I think I may hold out for one that is around my size .

----------


## Suzanimal

> I think I may hold out for one that is around my size .


Make one of yourself.

----------


## presence

what is your budget?

----------


## oyarde

> what is your budget?


I have not really decided yet. I am never telling the wife what I spend on it , because after I am dead , I would not want my Daughters standing around out back saying " I cannot believe Dad spent that much on that".

----------


## Danke

> If this gets too pricey , I am sure Danke will chip in a bit ......


I set one of those on fire when I was a kid

----------


## oyarde

> I set one of those on fire when I was a kid


I would take it , probably in my price range , my squaw can repaint it.

----------


## Danke

> I would take it , probably in my price range , my squaw can repaint it.


"My squaw". Sounds very possessive.  Don't you guys share your women?

----------


## oyarde

> "My squaw". Sounds very possessive.  Don't you guys share your women?


I never have , I dunno about others .

----------


## oyarde

> I set one of those on fire when I was a kid


Sounds like one of those sins you need to atone for .

----------


## Working Poor

I love the one of "Chief Sitting Bull" in the link from ebay. I wish I could buy it for you. Maybe Danke could atone for his sin with that one.

----------


## dannno

>

----------


## William Tell

> I love the one of "Chief Sitting Bull" in the link from ebay. I wish I could buy it for you. Maybe Danke could atone for his sin with that one.

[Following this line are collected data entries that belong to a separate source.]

definition dipath :: "(nat \<Rightarrow> 'a set) \<Rightarrow> (nat \<Rightarrow> nat \<Rightarrow> bool \<Rightarrow> 'a \<Rightarrow> 'a) \<Rightarrow> (real \<Rightarrow> 'a rpoint) \<Rightarrow> bool" where
  "dipath X d f \<longleftrightarrow> stream_map (top_of_set {0..1}) circ1 (realization_top X d) (rcirc X d) f"

end

theory Submission
  imports Defs
begin

text \<open>A point \<open>p\<close> of \<open>|X|\<close> is \<open>chr x t\<close> for a cell \<open>x\<close> and a point \<open>t\<close> of its cube.
  Pushing \<open>t\<close> through the faces given by its coordinates equal to \<open>0\<close> or \<open>1\<close> reaches the
  carrier \<open>supp p\<close>, and \<open>supp_vertex p = chr x (cube_floor t)\<close>, where \<open>cube_floor\<close> rounds
  every coordinate below \<open>1\<close> down to \<open>0\<close>.

  The circulation of the stream realization is generated by order intervals \<open>s \<le> t\<close> in single
  cubes, so a dipath \<open>\<alpha>\<close> yields a chain of such steps from \<open>\<alpha> 0\<close> to \<open>\<alpha> 1\<close>. For each step
  the vertices \<open>cube_floor s \<le> cube_floor t\<close> of the same cube are joined by a monotone edge path,
  a cellular dipath; concatenating these gives \<open>\<beta>\<close>. As \<open>[0,1]\<close> is contractible and \<open>\<alpha> 0\<close> is
  joined to \<open>supp_vertex (\<alpha> 0)\<close> inside its cell, \<open>\<alpha>\<close> and \<open>\<beta>\<close> are homotopic.

  An edge path is constant only if \<open>cube_floor s = cube_floor t\<close>, and then the potential
  (number of interior coordinates, their sum), ordered lexicographically, strictly increases
  unless \<open>s = t\<close>. For a non-constant loop \<open>\<alpha>\<close>, approximate the two halves at a point \<open>s\<close>
  with \<open>\<alpha> s \<noteq> \<alpha> 0\<close> separately; if both approximations were constant, the potential would
  give \<open>\<alpha> 0 \<sqsubseteq> \<alpha> s \<sqsubseteq> \<alpha> 1 = \<alpha> 0\<close>.\<close>

section \<open>The topology of the realization\<close>

lemma openin_realization_top:
  "openin (realization_top X d) U \<longleftrightarrow> U \<subseteq> realization X d \<and>
     (\<forall>n x. x \<in> X n \<longrightarrow> openin (top_of_set (cube n)) {t \<in> cube n. chr X d n x t \<in> U})"
proof -
  have preim_Int: "{t \<in> cube n. chr X d n x t \<in> S \<inter> T} =
      {t \<in> cube n. chr X d n x t \<in> S} \<inter> {t \<in> cube n. chr X d n x t \<in> T}" for n x S T
    by blast
  have preim_Union: "{t \<in> cube n. chr X d n x t \<in> \<Union>K} = (\<Union>S\<in>K. {t \<in> cube n. chr X d n x t \<in> S})" for n x K
    by blast
  have "istopology (\<lambda>U. U \<subseteq> realization X d \<and>
     (\<forall>n x. x \<in> X n \<longrightarrow> openin (top_of_set (cube n)) {t \<in> cube n. chr X d n x t \<in> U}))"
    unfolding istopology_def preim_Int preim_Union
    by (blast intro: openin_Int openin_Union)
  then show ?thesis
    unfolding realization_top_def by (simp add: topology_inverse')
qed

lemma chr_in_realization: "x \<in> X n \<Longrightarrow> t \<in> cube n \<Longrightarrow> chr X d n x t \<in> realization X d"
  unfolding realization_def by blast

lemma realizationE:
  assumes "p \<in> realization X d"
  obtains n x t where "x \<in> X n" "t \<in> cube n" "p = chr X d n x t"
  using assms unfolding realization_def by blast
lemma cspan_rel3_eq: "cspan (rel3 sc B0 s t) = cspan (rel3 sc D s t)"
proof (rule cspan_eqI)
  show "rel3 sc B0 s t \<subseteq> rel3 sc D s t"
    using ideal_subset by (rule rel3_mono)
  have "eq_mod_span (rel3 sc B0 s t) (fv [(s x a, b, d)]) (fv [(a, t x b, d)])"
    if "x \<in> D" for x a b d
  proof (rule balance_extends[where P = "\<lambda>p q. (p, q, d)", OF _ _ that])
    show "eq_mod_span (rel3 sc B0 s t) (fv [(p + p', q, d)]) (\<lambda>k. fv [(p, q, d)] k + fv [(p', q, d)] k)"
      for p p' q by (rule eq_mod_span_sumI, rule rel3_add_firstI)
    show "eq_mod_span (rel3 sc B0 s t) (fv [(s y p, q, d)]) (fv [(p, t y q, d)])"
      if "y \<in> B0" for y p q
      using that by (rule eq_mod_spanI[OF rel3_balance_firstI])
  qed
  moreover have "eq_mod_span (rel3 sc B0 s t) (fv [(a, s x b, d)]) (fv [(a, b, t x d)])"
    if "x \<in> D" for x a b d
  proof (rule balance_extends[where P = "\<lambda>p q. (a, p, q)", OF _ _ that])
    show "eq_mod_span (rel3 sc B0 s t) (fv [(a, p + p', q)]) (\<lambda>k. fv [(a, p, q)] k + fv [(a, p', q)] k)"
      for p p' q by (rule eq_mod_span_sumI, rule rel3_add_secondI)
    show "eq_mod_span (rel3 sc B0 s t) (fv [(a, s y p, q)]) (fv [(a, p, t y q)])"
      if "y \<in> B0" for y p q
      using that by (rule eq_mod_spanI[OF rel3_balance_secondI])
  qed
  moreover have "h \<in> rel3 sc B0 s t
      \<or> (\<exists>x\<in>D. \<exists>a b d. h = (\<lambda>k. fv [(s x a, b, d)] k - fv [(a, t x b, d)] k))
      \<or> (\<exists>x\<in>D. \<exists>a b d. h = (\<lambda>k. fv [(a, s x b, d)] k - fv [(a, b, t x d)] k))"
    if "h \<in> rel3 sc D s t" for h
    using that unfolding rel3_def by blast
  ultimately show "rel3 sc D s t \<subseteq> cspan (rel3 sc B0 s t)"
    unfolding eq_mod_span_def by (blast intro: cspan_superset)
qed

lemma tens_eq_restrict: "tens_eq sc B0 s t = tens_eq sc D s t"
  by (simp add: tens_eq_def cspan_rel2_eq fun_eq_iff)

lemma tens3_eq_restrict: "tens3_eq sc B0 s t = tens3_eq sc D s t"
  by (simp add: tens3_eq_def cspan_rel3_eq fun_eq_iff)

end

lemma takeuchi_notions_eq_if_tens_eq_eq:
  assumes "tens_eq sc D' s t = tens_eq sc D s t"
  shows "rep_left sc D' s t = rep_left sc D s t" and "rep_right sc D' s t = rep_right sc D s t"
    and "takeuchi sc D' s t = takeuchi sc D s t" and "teq sc D' s t = teq sc D s t"
  using assms by (simp_all add: fun_eq_iff rep_left_def rep_right_def takeuchi_def tendo_def teq_def)

lemma left_mult_bialgebroid_restrict_base:
  assumes "left_mult_bialgebroid scA scB D s t \<Delta>"
    and "subalg scB D'" and "D' \<subseteq> D" and "gen_by D' s" and "gen_by D' t"
    and tens: "tens_eq scA D' s t = tens_eq scA D s t"
    and tens3: "tens3_eq scA D' s t = tens3_eq scA D s t"
  shows "left_mult_bialgebroid scA scB D' s t \<Delta>"
  using assms(1,3)
  unfolding left_mult_bialgebroid_def tens tens3 takeuchi_notions_eq_if_tens_eq_eq[OF tens]
  apply (elim conjE)
  apply (intro conjI)
  apply (assumption | rule assms(2,4,5) | erule inj_on_subset, rule assms(3)
      | (intro ballI; simp add: subsetD[OF assms(3)]))+
  done

lemma left_counit_restrict_base:
  assumes "left_counit scA scB D s t \<Delta> \<epsilon>"
    and "range \<epsilon> \<subseteq> D'" and "D' \<subseteq> D"
    and tens: "tens_eq scA D' s t = tens_eq scA D s t"
  shows "left_counit scA scB D' s t \<Delta> \<epsilon>"
  using assms(1-3)
  unfolding left_counit_def takeuchi_notions_eq_if_tens_eq_eq[OF tens]
  by blast

lemma left_counit_range_ideal:
  assumes "left_counit scA scB D s t \<Delta> \<epsilon>"
    and "two_sided_ideal scB B0" and "B0 \<subseteq> D" and "gen_by B0 s"
  shows "\<epsilon> a \<in> B0"
  using assms(4)
proof (induction a rule: gen_by_induct)
  case zero
  have "\<epsilon> 0 = 0"
    using assms(1) unfolding left_counit_def by (metis add_cancel_right_right add_0)
  then show ?case using assms(2) unfolding two_sided_ideal_def by simp
next
  case (add a b)
  then show ?case using assms(1,2) unfolding left_counit_def two_sided_ideal_def by simp
next
  case (gen x b)
  then show ?case using assms(1-3) unfolding left_counit_def two_sided_ideal_def by auto
qed

theorem lemma3p7:
  fixes scA :: "complex \<Rightarrow> 'a::ring \<Rightarrow> 'a" and scB :: "complex \<Rightarrow> 'b::ring \<Rightarrow> 'b"
    and s t :: "'b \<Rightarrow> 'a \<Rightarrow> 'a" and \<Delta> :: "'a \<Rightarrow> ('a \<times> 'a) list \<Rightarrow> ('a \<times> 'a) list"
    and B0 :: "'b set"
  assumes "left_mult_bialgebroid scA scB UNIV s t \<Delta>"
    and "two_sided_ideal scB B0"
    and "gen_by B0 s" and "gen_by B0 t"
  shows "(\<forall>xs ys. tens_eq scA B0 s t xs ys \<longleftrightarrow> tens_eq scA UNIV s t xs ys)
    \<and> left_mult_bialgebroid scA scB B0 s t \<Delta>
    \<and> (\<forall>\<epsilon>. left_counit scA scB UNIV s t \<Delta> \<epsilon> \<longrightarrow>
          range \<epsilon> \<subseteq> B0 \<and> left_counit scA scB B0 s t \<Delta> \<epsilon>)"
proof -
  have s_multiplier: "inM scA (s x)" and s_mult: "s (x * y) = s x \<circ> s y"
    and t_mult: "t (x * y) = t y \<circ> t x" for x y
    using assms(1) unfolding left_mult_bialgebroid_def by simp_all
  interpret generating_ideal s t UNIV B0
    using assms(2,3) s_multiplier s_mult t_mult
    by unfold_locales (auto simp: two_sided_ideal_def inM_def inL_def)
  have subalg: "subalg scB B0"
    using assms(2) unfolding two_sided_ideal_def subalg_def by blast
  have counit: "range \<epsilon> \<subseteq> B0 \<and> left_counit scA scB B0 s t \<Delta> \<epsilon>"
    if "left_counit scA scB UNIV s t \<Delta> \<epsilon>" for \<epsilon>
    using that assms(2,3) tens_eq_restrict
    by (meson left_counit_range_ideal left_counit_restrict_base image_subsetI subset_UNIV)
  show ?thesis
    using left_mult_bialgebroid_restrict_base[OF assms(1) subalg subset_UNIV assms(3,4)]
      tens_eq_restrict tens3_eq_restrict counit
    by simp
qed

end
lemma has_real_derivative_pos_part_powr:
  fixes k u :: real
  assumes k: "0 < k"
  shows "((\<lambda>u. max 0 u powr (k + 1)) has_real_derivative (k + 1) * max 0 u powr k) (at u)"
proof (cases u "0 :: real" rule: linorder_cases)
  case less
  have "((\<lambda>u. 0) has_real_derivative (k + 1) * max 0 u powr k) (at u)"
    using less by simp
  then show ?thesis
    by (rule has_field_derivative_transform_within_open[where S="{..<0}"]) (use less in auto)
next
  case greater
  have "((\<lambda>u. u powr (k + 1)) has_real_derivative (k + 1) * max 0 u powr k) (at u)"
    using greater by (auto intro!: derivative_eq_intros simp: powr_diff)
  then show ?thesis
    by (rule has_field_derivative_transform_within_open[where S="{0<..}"]) (use greater in auto)
next
  case equal
  have "((\<lambda>y. max 0 y powr k) \<longlongrightarrow> 0) (at 0)"
    by (rule tendsto_zero_powrI) (auto intro!: tendsto_eq_intros simp: k)
  then have "((\<lambda>y. (max 0 y powr (k + 1) - max 0 0 powr (k + 1)) / (y - 0)) \<longlongrightarrow> 0) (at 0)"
  proof (rule Lim_transform_eventually)
    have "max 0 y powr k = (max 0 y powr (k + 1) - max 0 0 powr (k + 1)) / (y - 0)" if "y \<noteq> 0" for y :: real
      using that by (cases "y > 0") (auto simp: powr_add)
    then show "\<forall>\<^sub>F y in at 0. max 0 y powr k = (max 0 y powr (k + 1) - max 0 0 powr (k + 1)) / (y - 0)"
      by (auto simp: eventually_at_filter)
  qed
  then show ?thesis using equal k by (simp add: has_field_derivative_iff)
qed

lemma norm_add_scaleR_axis_1_squared:
  fixes v :: "real^3"
  shows "(norm (v + t *\<^sub>R axis 1 1))^2 = (norm v)^2 + 2 * t * v$1 + t^2"
proof -
  have "(norm (v + t *\<^sub>R axis 1 1))^2 = (v + t *\<^sub>R axis 1 1) \<bullet> (v + t *\<^sub>R axis 1 1)"
    by (rule power2_norm_eq_inner)
  also have "\<dots> = v \<bullet> v + 2 * t * v$1 + t^2"
    by (simp add: inner_axis inner_commute power2_eq_square algebra_simps)
  finally show ?thesis
    by (simp add: power2_norm_eq_inner)
qed

lemma polytrope_line_has_derivative:
  fixes v :: "real^3"
  assumes k: "0 < k"
  shows "((\<lambda>t. (v + t *\<^sub>R axis 1 1)$1 * polytrope (k + 1) c (v + t *\<^sub>R axis 1 1)) has_real_derivative
           polytrope (k + 1) c v - (k + 1) * c * ((v$1)^2 / energy v * polytrope k c v)) (at 0)"
proof -
  define E where "E t = sqrt (1 + ((norm v)^2 + 2 * t * v$1 + t^2))" for t
  have E0: "E 0 = energy v"
    by (simp add: E_def energy_def)
  have line: "(v + t *\<^sub>R axis 1 1)$1 * polytrope (k + 1) c (v + t *\<^sub>R axis 1 1)
      = (v$1 + t) * max 0 (1 - c * E t) powr (k + 1)" for t
  proof -
    have "(v + t *\<^sub>R axis 1 1)$1 = v$1 + t"
      by (simp add: axis_def)
    then show ?thesis
      by (simp add: polytrope_def energy_def E_def norm_add_scaleR_axis_1_squared)
  qed
  have "(E has_real_derivative v$1 / energy v) (at 0)"
  proof -
    have "0 < 1 + (norm v)^2"
      by (simp add: add_pos_nonneg)
    then show ?thesis
      unfolding E_def by (auto intro!: derivative_eq_intros simp: energy_def field_simps)
  qed
  then have "((\<lambda>t. 1 - c * E t) has_real_derivative - c * (v$1 / energy v)) (at 0)"
    by (auto intro!: derivative_eq_intros)
  from DERIV_chain2[OF has_real_derivative_pos_part_powr[OF k] this]
  have dP: "((\<lambda>t. max 0 (1 - c * E t) powr (k + 1)) has_real_derivative
      (k + 1) * polytrope k c v * (- c * (v$1 / energy v))) (at 0)"
    by (simp add: E0 polytrope_def)
  have dlin: "((\<lambda>t. v$1 + t) has_real_derivative 1) (at 0)"
    by (auto intro!: derivative_eq_intros)
  show ?thesis
    unfolding line
    by (rule DERIV_cong[OF DERIV_mult[OF dlin dP]])
      (simp add: E0 polytrope_def power2_eq_square algebra_simps add_divide_distrib)
qed

lemma polytrope_line_derivative_bound:
  fixes v :: "real^3"
  assumes "0 < k" "0 < c"
  shows "\<bar>polytrope (k + 1) c v - (k + 1) * c * ((v$1)^2 / energy v * polytrope k c v)\<bar> \<le> k + 2"
proof -
  define b where "b = c * ((v$1)^2 / energy v * polytrope k c v)"
  have "\<bar>v$1\<bar>^2 \<le> (energy v)^2"
    using component_le_norm_cart[of v 1] norm_less_energy[of v] by (intro power_mono) auto
  then have "(v$1)^2 / energy v \<le> energy v"
    using energy_pos[of v] by (simp add: divide_le_eq power2_eq_square)
  then have "(v$1)^2 / energy v * polytrope k c v \<le> energy v * polytrope k c v"
    by (rule mult_right_mono) (rule polytrope_nonneg)
  then have "b \<le> c * (energy v * polytrope k c v)"
    unfolding b_def by (rule mult_left_mono) (use assms(2) in simp)
  also have "\<dots> \<le> 1"
    using polytrope_eq_plus_1[of k c v] polytrope_le_1[of k c v] polytrope_nonneg[of "k + 1" c v] assms
    by linarith
  finally have "(k + 1) * b \<le> (k + 1) * 1"
    by (rule mult_left_mono) (use assms in simp)
  moreover have "0 \<le> (k + 1) * b"
    using assms energy_pos[of v] polytrope_nonneg[of k c v] by (simp add: b_def)
  moreover have "0 \<le> polytrope (k + 1) c v" "polytrope (k + 1) c v \<le> 1"
    using polytrope_nonneg polytrope_le_1 assms by auto
  ultimately show ?thesis
    by (simp add: b_def abs_le_iff mult.assoc)
qed

lemma integral_lborel_translate:
  fixes f :: "'a::euclidean_space \<Rightarrow> real"
  assumes "f \<in> borel_measurable borel"
  shows "(\<integral>v. f (v + a) \<partial>lborel) = (\<integral>v. f v \<partial>lborel)"
  using integral_distr[of "(+) a" lborel borel f] assms
  by (simp add: lborel_distr_plus add.commute)

lemma integrable_lborel_translate:
  fixes f :: "'a::euclidean_space \<Rightarrow> real"
  assumes "integrable lborel f"
  shows "integrable lborel (\<lambda>v. f (v + a))"
  using integrable_distr_eq[of "(+) a" lborel borel f] assms
  by (simp add: lborel_distr_plus add.commute)

lemma directional_difference_bound:
  fixes \<psi> \<psi>' :: "'a::real_normed_vector \<Rightarrow> real"
  assumes deriv: "\<And>v. ((\<lambda>t. \<psi> (v + t *\<^sub>R e)) has_real_derivative \<psi>' v) (at 0)"
    and bound: "\<And>v. \<bar>\<psi>' v\<bar> \<le> B" and "0 < h"
  shows "\<bar>\<psi> (v + h *\<^sub>R e) - \<psi> v\<bar> \<le> B * h"
proof -
  have line_deriv: "((\<lambda>t. \<psi> (v + t *\<^sub>R e)) has_real_derivative \<psi>' (v + t *\<^sub>R e)) (at t)" for t
    using deriv[of "v + t *\<^sub>R e"] DERIV_shift[of "\<lambda>t. \<psi> (v + t *\<^sub>R e)" _ 0 t]
    by (simp add: scaleR_add_left ac_simps)
  obtain z where "\<psi> (v + h *\<^sub>R e) - \<psi> (v + 0 *\<^sub>R e) = (h - 0) * \<psi>' (v + z *\<^sub>R e)"
    using MVT2[OF \<open>0 < h\<close>, of "\<lambda>t. \<psi> (v + t *\<^sub>R e)" "\<lambda>t. \<psi>' (v + t *\<^sub>R e)"] line_deriv
    by blast
  then show ?thesis
    using bound[of "v + z *\<^sub>R e"] \<open>0 < h\<close> by (simp add: abs_mult mult.commute)
qed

Wow, and it was Geronimo a little while ago. That's a nifty feature, changing identities.

----------


## Brian4Liberty

> For my back Porch , by the door to the Mrs.'s sewing office .Any ideas of good places to look ?


Sold one at a garage sale a few months back. Was five foot tall, not sure how old it was. Father in law had cleaned it up and varnished it years ago, but that was mostly worn away. Sister in law sold it to first guy who asked for $50. Guy who bought it picked it later, but while it was there, a lot of people were interested.

----------


## oyarde

> Sold one at a garage sale a few months back. Was five foot tall, not sure how old it was. Father in law had cleaned it up and varnished it years ago, but that was mostly worn away. Sister in law sold it to first guy who asked for $50. Guy who bought it picked it later, but while it was there, a lot of people were interested.


Tell him I will go 100 on the next one , maybe more .

----------


## oyarde

> I love the one of "Chief Sitting Bull" in the link from ebay. I wish I could buy it for you. Maybe Danke could atone for his sin with that one.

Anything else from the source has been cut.